Anybody ever plant orchard grass with oats as a nurse crop? I've got a bunch of oats left over from harvest that I'd like to use up and the only thing that I've got to plant it into are a couple of fields going into orchard grass and clover mix.


----------



## Haymike56 (May 3, 2010)

I always plant them with an Orchard Grass, Timothy and Alalpha mix. Then I cut them in the boot stage and bale it. The cows love it.


----------



## swmnhay (Jun 13, 2008)

Used to do it all the time.Mix orchardgrass seed with oats in big box on drill and the alfalfa seed in alfalfa box.You can get by with 1 bpa if just for cover crop.It will stool out anyway.


----------



## dbergh (Jun 3, 2010)

Its a great way to get a crop established and also get something to cut and bale early on in the process.
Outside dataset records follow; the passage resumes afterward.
lemma of_nat_mod_div_4:
  "int k mod 4 = int (k mod 4)" "int k div 4 = int (k div 4)"
  "(1 + int k) div 4 = int ((k + 1) div 4)"
  by (simp_all add: of_nat_mod of_nat_div add.commute)

locale definite_integral_lattice =
  fixes a b :: rat and L :: "quat set"
  assumes a_neg: "a < 0" and b_neg: "b < 0"
    and integral: "integral_lattice a b L"
    and of_int_mem: "\<And>n. qof_rat (of_int n) \<in> L"
begin

definition N :: "quat \<Rightarrow> nat" where
  "N x = nat \<lfloor>qnorm a b x\<rfloor>"

definition Tr :: "quat \<Rightarrow> int" where
  "Tr x = \<lfloor>qtr x\<rfloor>"

lemma qnorm_eq_of_nat_N:
  assumes "x \<in> L"
  shows "qnorm a b x = of_nat (N x)"
proof -
  obtain k where "qnorm a b x = of_int k"
    using integral assms by (auto simp: integral_lattice_def elim: Ints_cases)
  moreover have "0 \<le> qnorm a b x"
    using qnorm_nonneg[OF a_neg b_neg] .
  ultimately show ?thesis
    by (simp add: N_def)
qed

lemma qtr_eq_of_int_Tr: "x \<in> L \<Longrightarrow> qtr x = of_int (Tr x)"
  using integral by (auto simp: integral_lattice_def Tr_def elim!: Ints_cases)

lemma qadd_mem: "x \<in> L \<Longrightarrow> y \<in> L \<Longrightarrow> qadd x y \<in> L"
  using integral is_lattice_qadd_mem unfolding integral_lattice_def by blast

lemma qadd_of_int_mem: "x \<in> L \<Longrightarrow> qadd x (qof_rat (of_int k)) \<in> L"
  using qadd_mem of_int_mem by blast

lemma qtau_mem:
  assumes "x \<in> L"
  shows "qtau x \<in> L"
proof -
  have "qtau x = qadd (qadd x x) (qof_rat (of_int (- Tr x)))"
    by (simp add: qtau_eq_qadd qtr_eq_of_int_Tr[OF assms])
  also have "\<dots> \<in> L"
    by (intro qadd_of_int_mem qadd_mem assms)
  finally show ?thesis .
qed

lemma Tr_qadd_of_int:
  assumes "x \<in> L"
  shows "Tr (qadd x (qof_rat (of_int k))) = Tr x + 2 * k"
proof -
  have tr: "qtr (qadd x (qof_rat (of_int k))) = of_int (Tr x + 2 * k)"
    by (simp add: qtr_qadd_qof_rat qtr_eq_of_int_Tr[OF assms])
  show ?thesis
    by (simp only: Tr_def tr floor_of_int)
qed

lemma int_N_qtau:
  assumes "x \<in> L"
  shows "int (N (qtau x)) = 4 * int (N x) - (Tr x)\<^sup>2"
proof -
  have "(of_int (int (N (qtau x))) :: rat) = qnorm a b (qtau x)"
    using qnorm_eq_of_nat_N[OF qtau_mem[OF assms]] by simp
  also have "\<dots> = 4 * qnorm a b x - (qtr x)\<^sup>2"
    by (rule qnorm_qtau)
  also have "\<dots> = of_int (4 * int (N x) - (Tr x)\<^sup>2)"
    by (simp add: qnorm_eq_of_nat_N[OF assms] qtr_eq_of_int_Tr[OF assms])
  finally show ?thesis
    by (simp only: of_int_eq_iff)
qed

lemma N_qtau_even:
  assumes "x \<in> L" "even (Tr x)"
  shows "N (qtau x) mod 4 = 0" "N (qtau x) div 4 + nat ((Tr x div 2)\<^sup>2) = N x"
proof -
  have N_eq: "int (N (qtau x)) = 4 * (int (N x) - (Tr x div 2)\<^sup>2)"
    using int_N_qtau[OF assms(1)] assms(2) by (auto elim!: evenE simp: power_mult_distrib)
  show "N (qtau x) mod 4 = 0"
    by (rule nat_eq_four_mul_sub(1)[OF zero_le_power2 N_eq])
  show "N (qtau x) div 4 + nat ((Tr x div 2)\<^sup>2) = N x"
    by (rule nat_eq_four_mul_sub(2)[OF zero_le_power2 N_eq])
qed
Makes great cattle feed. Just don't let it get too rank or it will tend to choke your grass unnecessarily. Its better feed anyway at the boot stage.


----------



## Toyes Hill Angus (Dec 21, 2010)

If you can't get it cut eairly enough, it turns into wrapped straw. we can't seem to gegt the weather to hold long enought to dry bale so it gets wrapped, and if it is cut later than than desired it turns into expensive, smelly straw, but the cows still fight to eat it. I use Oats for a cover exclusively.


----------